## Problem to work on
Within the material below, count each line holding the string "ncomp" and return the total alone.

(Input for this task Opens)

text \<open>If the chosen point is a special point, the new marked point goes on a constant component
  sprouted there.\<close>

lemma add_mark:
  assumes "m \<notin> M" "c \<in> V" "z \<noteq> (0, 0)"
  obtains V' rk' f' where "stable_tree n d (insert m M) V' r rk' f'"
    and "\<And>j. j \<in> M \<Longrightarrow> ev f' j = ev f j" and "pt_eq (ev f' m) (cval f c z)"
proof (cases "\<forall>l\<in>tree_specials M V r f c. p1_distinct z (special_pt f c l)")
  case True
  with add_mark_free[OF assms] pt_eq_refl that show thesis by (metis (no_types, lifting) assms(1))
next
  case False
  then obtain l where l: "l \<in> tree_specials M V r f c" "\<not> p1_distinct z (special_pt f c l)"
    by blast
  with assms special_pt_nonzero
  have z: "pt_eq (cval f c (special_pt f c l)) (cval f c z)"
    by (metis cval_pt_eq_if_not_p1_distinct pt_eq_sym)
  obtain b where "b \<notin> V" using finite_V ex_new_if_finite[OF infinite_UNIV_nat] by blast
  show thesis
  proof (cases l)
    case Up
    with l have "c \<noteq> r" by simp
    with glued[OF assms(2) this] z Up
    have "pt_eq (cval f (par f c) (ppt f c)) (cval f c z)"
      by (metis pt_eq_sym pt_eq_trans special_pt.simps(1))
    with bubble_on_edge[OF assms(1,2) \<open>c \<noteq> r\<close> \<open>b \<notin> V\<close>] that show thesis by metis
  next
    case (Down y)
    with l z have "y \<in> V" "y \<noteq> r" "pt_eq (cval f (par f y) (ppt f y)) (cval f c z)" by auto
    with bubble_on_edge[OF assms(1) this(1,2) \<open>b \<notin> V\<close>] that show thesis by metis
  next
    case (Mark j)
    with l z have "j \<in> M" "pt_eq (cval f (mcomp f j) (mpt f j)) (cval f c z)" by auto
    with bubble_at_mark[OF assms(1) this(1) \<open>b \<notin> V\<close>] that show thesis by metis
  qed
qed

end

section \<open>The sets Gamma_d\<close>

lemma ev_in_Xpts: "is_stable_map n d f \<Longrightarrow> j \<in> {1, 2, 3} \<Longrightarrow> ev f j \<in> Xpts n"
  unfolding is_stable_map_def ev_def by (auto intro!: cval_in_Xpts)

lemma Gamma2_subset_Gamma1: "Gamma2 n d X D \<subseteq> Gamma1 n d X"
proof
  fix p assume "p \<in> Gamma2 n d X D"
  then obtain f where "p \<in> Xpts n" "is_stable_map n d f" "\<exists>a\<in>X. pt_eq (ev f 1) a" "pt_eq (ev f 3) p"
    unfolding Gamma2_def by blast
  moreover obtain g where "is_stable_map n d g" "ev g 1 = ev f 1" "ev g 2 = ev f 3"
    using swap_marks_stable_map[OF \<open>is_stable_map n d f\<close>] by metis
  ultimately have "is_stable_map n d g \<and> (\<exists>a\<in>X. pt_eq (ev g 1) a) \<and> pt_eq (ev g 2) p"
    by simp
  with \<open>p \<in> Xpts n\<close> show "p \<in> Gamma1 n d X" unfolding Gamma1_def by blast
qed

text \<open>The divisor coordinate is constant on every component, and the gluing passes its
  vanishing on to the neighbouring components.\<close>

lemma divisor_coord_ev_iff_of_degree_0:
  assumes f: "is_stable_map n d f" and d: "dcomp d k = 0" and j: "j \<in> {1, 2, 3}" "j' \<in> {1, 2, 3}"
  shows "divisor_coord n k (ev f j) = 0 \<longleftrightarrow> divisor_coord n k (ev f j') = 0"
proof -
  have "(\<Sum>c<ncomp f. dcomp (cdeg f c) k) = 0"
    using f d unfolding is_stable_map_def dcomp_def by auto
  then have const: "divisor_coord n k (cval f c z) = divisor_coord n k (cval f c w)"
    if "c < ncomp f" for c z w
    using that unfolding divisor_coord_cval by (simp add: form_eval_0)
  have "divisor_coord n k (cval f c z) = 0 \<longleftrightarrow> divisor_coord n k (cval f 0 (1, 0)) = 0"
    if "c < ncomp f" for c z
    using that
  proof (induction c arbitrary: z rule: less_induct)
    case (less c)
    show ?case
    proof (cases "c = 0")
      case True
      with const less.prems show ?thesis by metis
    next
      case False
      with f less.prems have "par f c < c"
        and glue: "pt_eq (cval f c (qpt f c)) (cval f (par f c) (ppt f c))"
        unfolding is_stable_map_def by auto
      have "divisor_coord n k (cval f c z) = divisor_coord n k (cval f c (qpt f c))"
        using const less.prems by blast
      with divisor_coord_pt_eq[OF glue] less.IH[OF \<open>par f c < c\<close>] \<open>par f c < c\<close> less.prems
      show ?thesis by simp
    qed
  qed
  moreover have "mcomp f i < ncomp f" if "i \<in> {1, 2, 3}" for i
    using f that unfolding is_stable_map_def by auto
  ultimately show ?thesis using j unfolding ev_def by metis
qed

lemma Gamma2_eq_of_degree_0:
  assumes "dcomp d k = 0"
  shows "Gamma2 n d X (Ddiv n k) = Gamma1 n d X \<inter> Ddiv n k"
proof
  show "Gamma2 n d X (Ddiv n k) \<subseteq> Gamma1 n d X \<inter> Ddiv n k"
  proof
    fix p assume p: "p \<in> Gamma2 n d X (Ddiv n k)"
    then obtain f q where f: "p \<in> Xpts n" "is_stable_map n d f" "q \<in> Ddiv n k"
      "pt_eq (ev f 2) q" "pt_eq (ev f 3) p"
      unfolding Gamma2_def by blast
    with divisor_coord_ev_iff_of_degree_0[OF f(2) assms, of 2 3]
    have "divisor_coord n k p = 0"
      by (simp add: Ddiv_iff divisor_coord_pt_eq)
    moreover have "p \<in> Gamma1 n d X" using p Gamma2_subset_Gamma1 by blast
    ultimately show "p \<in> Gamma1 n d X \<inter> Ddiv n k" using f(1) by (simp add: Ddiv_iff)
  qed
next
  show "Gamma1 n d X \<inter> Ddiv n k \<subseteq> Gamma2 n d X (Ddiv n k)"
  proof
    fix p assume "p \<in> Gamma1 n d X \<inter> Ddiv n k"
    then obtain f where f: "p \<in> Xpts n" "is_stable_map n d f" "\<exists>a\<in>X. pt_eq (ev f 1) a"
      "pt_eq (ev f 2) p" "divisor_coord n k p = 0"
      unfolding Gamma1_def by (auto simp: Ddiv_iff)
    with divisor_coord_ev_iff_of_degree_0[OF f(2) assms, of 2 3]
    have "ev f 3 \<in> Ddiv n k"
      by (simp add: Ddiv_iff divisor_coord_pt_eq ev_in_Xpts)
    moreover obtain g where "is_stable_map n d g" "ev g 1 = ev f 1" "ev g 2 = ev f 3" "ev g 3 = ev f 2"
      using swap_marks_stable_map[OF f(2)] by metis
    ultimately show "p \<in> Gamma2 n d X (Ddiv n k)"
      using f pt_eq_refl unfolding Gamma2_def by fastforce
  qed
qed

lemma Gamma1_subset_Gamma2:
  assumes "dcomp d k > 0"
  shows "Gamma1 n d X \<subseteq> Gamma2 n d X (Ddiv n k)"
proof
  fix p assume "p \<in> Gamma1 n d X"
  then obtain f a where f: "p \<in> Xpts n" "is_stable_map n d f" "a \<in> X" "pt_eq (ev f 1) a"
    "pt_eq (ev f 2) p"
    unfolding Gamma1_def by blast
  interpret stable_tree n d "{1, 2, 3}" "{..<ncomp f}" 0 real f
    using stable_tree_of_stable_map[OF f(2)] .
  have "d \<noteq> (0, 0)" using assms unfolding dcomp_def by (auto split: if_splits)
  moreover have "{1, 2, 3} - {3} = {1, 2 :: nat}" by auto
  ultimately obtain V1 r1 rk1 f1 where "stable_tree n d {1, 2} V1 r1 rk1 f1"
    and ev1: "\<And>j. j \<in> {1, 2} \<Longrightarrow> pt_eq (ev f j) (ev f1 j)"
    using forget_mark[of 3] by (metis insertCI)
  interpret T1: stable_tree n d "{1, 2}" V1 r1 rk1 f1 by fact
  have "(\<Sum>c\<in>V1. dcomp (cdeg f1 c) k) = dcomp d k"
    using T1.degree unfolding tree_degree_def dcomp_def by auto
  with assms have "\<exists>c\<in>V1. dcomp (cdeg f1 c) k \<noteq> 0"
    by (metis less_irrefl sum.neutral)
  then obtain c where "c \<in> V1" "dcomp (cdeg f1 c) k > 0" by blast
  then obtain z where z: "z \<noteq> (0, 0)" "divisor_coord n k (cval f1 c z) = 0"
    unfolding divisor_coord_cval using binary_form_has_root by blast
  have "3 \<notin> {1, 2 :: nat}" and ins: "insert 3 {1, 2} = {1, 2, 3 :: nat}" by auto
  obtain V2 rk2 f2 where T2: "stable_tree n d {1, 2, 3} V2 r1 rk2 f2"
    and ev2: "\<And>j. j \<in> {1, 2} \<Longrightarrow> ev f2 j = ev f1 j" and ev2_3: "pt_eq (ev f2 3) (cval f1 c z)"
    using T1.add_mark[OF \<open>3 \<notin> {1, 2}\<close> \<open>c \<in> V1\<close> z(1)] unfolding ins by blast
  obtain g' where g': "is_stable_map n d g'" "\<And>j. j \<in> {1, 2, 3} \<Longrightarrow> ev g' j = ev f2 j"
    using stable_tree.ex_stable_map[OF T2] by blast
  obtain g where g: "is_stable_map n d g" "ev g 1 = ev g' 1" "ev g 2 = ev g' 3" "ev g 3 = ev g' 2"
    using swap_marks_stable_map[OF g'(1)] by metis
  have "ev g 1 = ev f1 1" "ev g 3 = ev f1 2" "ev g 2 = ev f2 3"
    using g g' ev2 by simp_all
  then have "pt_eq (ev g 1) a" "pt_eq (ev g 3) p" "divisor_coord n k (ev g 2) = 0"
    using ev1[of 1] ev1[of 2] f(4,5) divisor_coord_pt_eq[OF ev2_3] z(2)
    by (auto intro: pt_eq_trans[OF pt_eq_sym])
  moreover have "ev g 2 \<in> Xpts n" using ev_in_Xpts[OF g(1)] by simp
  ultimately have "is_stable_map n d g \<and> (\<exists>a\<in>X. pt_eq (ev g 1) a) \<and>
      (\<exists>q\<in>Ddiv n k. pt_eq (ev g 2) q) \<and> pt_eq (ev g 3) p"
    using g(1) f(3) pt_eq_refl[of "ev g 2"] by (auto simp: Ddiv_iff)
  with f(1) show "p \<in> Gamma2 n d X (Ddiv n k)" unfolding Gamma2_def by blast
qed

(Input for this task Closes)

## Answer to this exercise
5